Historical population
| Census | Pop. | Note | %± |
| 1870 | 227 |  | — |
| 1880 | 250 |  | 10.1% |
| 1890 | 132 |  | −47.2% |
| 1900 | 1,156 |  | 775.8% |
| 1910 | 794 |  | −31.3% |
| 1920 | 848 |  | 6.8% |
| 1930 | 1,210 |  | 42.7% |
| 1940 | 1,144 |  | −5.5% |
| 1950 | 1,060 |  | −7.3% |
| 1960 | 1,096 |  | 3.4% |
| 1970 | 1,122 |  | 2.4% |
| 1980 | 1,228 |  | 9.4% |
| 1990 | 1,107 |  | −9.9% |
| 2000 | 1,145 |  | 3.4% |
| 2010 | 1,089 |  | −4.9% |
| 2020 | 1,027 |  | −5.7% |
U.S. Decennial Census

===2010 census===
As of the census of 2010, there were 1,089 people, 496 households, and 292 families residing in the city. The population density was 818.8 PD/sqmi. There were 545 housing units at an average density of 409.8 /mi2. The racial makeup of the city was 94.3% White, 1.6% African American, 1.3% Native American, 0.1% Asian, 0.1% Pacific Islander, 0.5% from other races, and 2.2% from two or more races. Hispanic or Latino of any race were 1.3% of the population.

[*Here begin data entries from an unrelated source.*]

definition iso :: "'a matroid \<Rightarrow> 'b matroid \<Rightarrow> bool" where
  "iso M N \<longleftrightarrow> (\<exists>f. bij_betw f (ground M) (ground N) \<and>
     (\<forall>X. X \<subseteq> ground M \<longrightarrow> (indep M X \<longleftrightarrow> indep N (f ` X))))"

text \<open>Vectors over GF(2) are encoded as sets of natural numbers (their supports);
  the sum of a finite family is the coordinatewise parity.\<close>
definition gf2_sum :: "('a \<Rightarrow> nat set) \<Rightarrow> 'a set \<Rightarrow> nat set" where
  "gf2_sum \<phi> Y = {n. odd (card {y \<in> Y. n \<in> \<phi> y})}"

definition gf2_indep :: "('a \<Rightarrow> nat set) \<Rightarrow> 'a set \<Rightarrow> bool" where
  "gf2_indep \<phi> X \<longleftrightarrow> finite X \<and> inj_on \<phi> X \<and>
     (\<forall>Y. Y \<subseteq> X \<and> Y \<noteq> {} \<longrightarrow> gf2_sum \<phi> Y \<noteq> {})"

definition binary :: "'a matroid \<Rightarrow> bool" where
  "binary M \<longleftrightarrow> (\<exists>\<phi> :: 'a \<Rightarrow> nat set.
     \<forall>X. X \<subseteq> ground M \<longrightarrow> (indep M X \<longleftrightarrow> gf2_indep \<phi> X))"

text \<open>PG_rank k is the binary projective geometry of rank k, i.e. PG(k-1,2):
  the nonzero vectors of GF(2)^k with linear independence.\<close>
definition PG_rank :: "nat \<Rightarrow> nat set matroid" where
  "PG_rank k = ({v. v \<subseteq> {..<k} \<and> v \<noteq> {}},
     \<lambda>X. X \<subseteq> {v. v \<subseteq> {..<k} \<and> v \<noteq> {}} \<and> gf2_indep id X)"

end

theory Submission
  imports Defs
begin

(*
  A simple binary matroid M of rank r + 1 is, up to isomorphism, a set P of points of
  PG(r,2), i.e. of nonzero vectors of GF(2)^(r+1).  Contracting the element at a point p
  amounts to projecting from p: a linear surjection GF(2)^(r+1) -> GF(2)^r with kernel
  {0, p} represents M/e, and the parallel classes of M/e are its fibres {u, u + p}.  Hence
  si(M/e) is isomorphic to PG(r-1,2) exactly when every line {p, u, u + p} through p meets P
  in a second point.  This holds for every p in P iff the complement of P is closed under
  sums of distinct points, i.e. is a flat of PG(r,2); the flat is proper because P is not
  empty.
*)

section \<open>Sums and independence over GF(2)\<close>

definition gf2_add :: "'a set \<Rightarrow> 'a set \<Rightarrow> 'a set" (infixl "\<oplus>" 65) where
  "a \<oplus> b = (a - b) \<union> (b - a)"

lemma gf2_add_self [simp]: "a \<oplus> a = {}"
  and gf2_add_empty [simp]: "a \<oplus> {} = a" "{} \<oplus> a = a"
  and gf2_add_eq_empty_iff [simp]: "a \<oplus> b = {} \<longleftrightarrow> a = b"
  and gf2_add_cancel [simp]: "a \<oplus> (a \<oplus> b) = b" "(a \<oplus> b) \<oplus> b = a" "(a \<oplus> b) \<oplus> a = b" "b \<oplus> (a \<oplus> b) = a"
  by (auto simp: gf2_add_def)

lemma gf2_add_eq_self_iff [simp]:
  "a \<oplus> b = a \<longleftrightarrow> b = {}" "a \<oplus> b = b \<longleftrightarrow> a = {}"
  "a = a \<oplus> b \<longleftrightarrow> b = {}" "b = a \<oplus> b \<longleftrightarrow> a = {}"
  by (auto simp: gf2_add_def)

lemma gf2_add_eq_iff: "a \<oplus> b = c \<longleftrightarrow> b = a \<oplus> c"
  by (auto simp: gf2_add_def)

lemma gf2_add_subset: "a \<subseteq> K \<Longrightarrow> b \<subseteq> K \<Longrightarrow> a \<oplus> b \<subseteq> K"
  by (auto simp: gf2_add_def)

lemma gf2_sum_empty [simp]: "gf2_sum \<phi> {} = {}"
  by (simp add: gf2_sum_def)

lemma gf2_sum_insert:
  assumes "finite Y" "y \<notin> Y"
  shows "gf2_sum \<phi> (insert y Y) = \<phi> y \<oplus> gf2_sum \<phi> Y"
proof -
  have "card {z \<in> insert y Y. n \<in> \<phi> z} = card {z \<in> Y. n \<in> \<phi> z} + (if n \<in> \<phi> y then 1 else 0)"
    for n
  proof (cases "n \<in> \<phi> y")
    case True
    then have "{z \<in> insert y Y. n \<in> \<phi> z} = insert y {z \<in> Y. n \<in> \<phi> z}" by auto
    then show ?thesis using True assms by simp
  next
    case False
    then have "{z \<in> insert y Y. n \<in> \<phi> z} = {z \<in> Y. n \<in> \<phi> z}" by auto
    then show ?thesis using False by simp
  qed
  then show ?thesis by (auto simp: gf2_sum_def gf2_add_def)
qed

lemma gf2_sum_singleton [simp]: "gf2_sum \<phi> {y} = \<phi> y"
  using gf2_sum_insert[of "{}" y \<phi>] by simp

lemma gf2_sum_doubleton: "x \<noteq> y \<Longrightarrow> gf2_sum \<phi> {x, y} = \<phi> x \<oplus> \<phi> y"
  using gf2_sum_insert[of "{y}" x \<phi>] by simp

lemma gf2_sum_cong:
  assumes "\<And>y. y \<in> Y \<Longrightarrow> \<phi> y = \<psi> y"
  shows "gf2_sum \<phi> Y = gf2_sum \<psi> Y"
proof -
  have "{y \<in> Y. n \<in> \<phi> y} = {y \<in> Y. n \<in> \<psi> y}" for n
    using assms by auto
  then show ?thesis by (simp add: gf2_sum_def)
qed

lemma gf2_sum_reindex:
  assumes "inj_on \<psi> Y"
  shows "gf2_sum \<phi> (\<psi> ` Y) = gf2_sum (\<lambda>y. \<phi> (\<psi> y)) Y"
proof -
  have "{v \<in> \<psi> ` Y. n \<in> \<phi> v} = \<psi> ` {y \<in> Y. n \<in> \<phi> (\<psi> y)}" for n
    by auto
  moreover have "inj_on \<psi> {y \<in> Y. n \<in> \<phi> (\<psi> y)}" for n
    using assms by (auto intro: inj_on_subset)
  ultimately show ?thesis by (simp add: gf2_sum_def card_image)
qed

lemma odd_card_gf2_add:
  assumes "finite A" "finite B"
  shows "odd (card (A \<oplus> B)) \<longleftrightarrow> odd (card A) \<noteq> odd (card B)"
proof -
  have "A \<oplus> B = (A \<union> B) - (A \<inter> B)" by (auto simp: gf2_add_def)
  then have "card (A \<oplus> B) = card (A \<union> B) - card (A \<inter> B)"
    using assms by (simp only:) (intro card_Diff_subset, auto)
  moreover have "card (A \<inter> B) \<le> card (A \<union> B)"
    using assms by (intro card_mono) auto
  ultimately have "card (A \<oplus> B) + 2 * card (A \<inter> B) = card A + card B"
    using card_Un_Int[OF assms] by linarith
  then show ?thesis by (metis even_add even_mult_iff even_numeral)
qed

lemma gf2_sum_gf2_add:
  assumes "finite A" "finite B"
  shows "gf2_sum \<phi> (A \<oplus> B) = gf2_sum \<phi> A \<oplus> gf2_sum \<phi> B"
proof -
  have "{y \<in> A \<oplus> B. n \<in> \<phi> y} = {y \<in> A. n \<in> \<phi> y} \<oplus> {y \<in> B. n \<in> \<phi> y}" for n
    by (auto simp: gf2_add_def)
  then have "odd (card {y \<in> A \<oplus> B. n \<in> \<phi> y}) \<longleftrightarrow>
      odd (card {y \<in> A. n \<in> \<phi> y}) \<noteq> odd (card {y \<in> B. n \<in> \<phi> y})" for n
    using assms by (simp add: odd_card_gf2_add)
  then show ?thesis by (auto simp: gf2_sum_def gf2_add_def)
qed

lemma gf2_sum_subset:
  assumes "\<And>y. y \<in> Y \<Longrightarrow> \<phi> y \<subseteq> K"
  shows "gf2_sum \<phi> Y \<subseteq> K"
proof
  fix n assume "n \<in> gf2_sum \<phi> Y"
  then have "card {y \<in> Y. n \<in> \<phi> y} \<noteq> 0" by (intro notI) (simp add: gf2_sum_def)
  then have "{y \<in> Y. n \<in> \<phi> y} \<noteq> {}" by (metis card.empty)
  then show "n \<in> K" using assms by auto
qed

definition gf2_linear :: "(nat set \<Rightarrow> nat set) \<Rightarrow> bool" where
  "gf2_linear h \<longleftrightarrow> (\<forall>a b. h (a \<oplus> b) = h a \<oplus> h b)"

lemma gf2_linear_empty: "gf2_linear h \<Longrightarrow> h {} = {}"
  unfolding gf2_linear_def by (metis gf2_add_self)

lemma gf2_linear_eq_iff: "gf2_linear h \<Longrightarrow> h a = h b \<longleftrightarrow> h (a \<oplus> b) = {}"
  unfolding gf2_linear_def by simp

lemma gf2_sum_linear:
  assumes "gf2_linear h" "finite Y"
  shows "gf2_sum (\<lambda>y. h (\<phi> y)) Y = h (gf2_sum \<phi> Y)"
  using assms(2)
proof (induction Y rule: finite_induct)
  case empty
  then show ?case using gf2_linear_empty[OF assms(1)] by simp
next
  case (insert y Y)
  then show ?case using assms(1) by (simp add: gf2_sum_insert gf2_linear_def)
qed

lemma gf2_indep_empty [simp]: "gf2_indep \<phi> {}"
  by (simp add: gf2_indep_def)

There were 496 households, of which 28.8% had children under the age of 18 living with them, 44.8% were married couples living together, 8.9% had a female householder with no husband present, 5.2% had a male householder with no wife present, and 41.1% were non-families. 37.1% of all households were made up of individuals, and 18.7% had someone living alone who was 65 years of age or older. The average household size was 2.20 and the average family size was 2.86.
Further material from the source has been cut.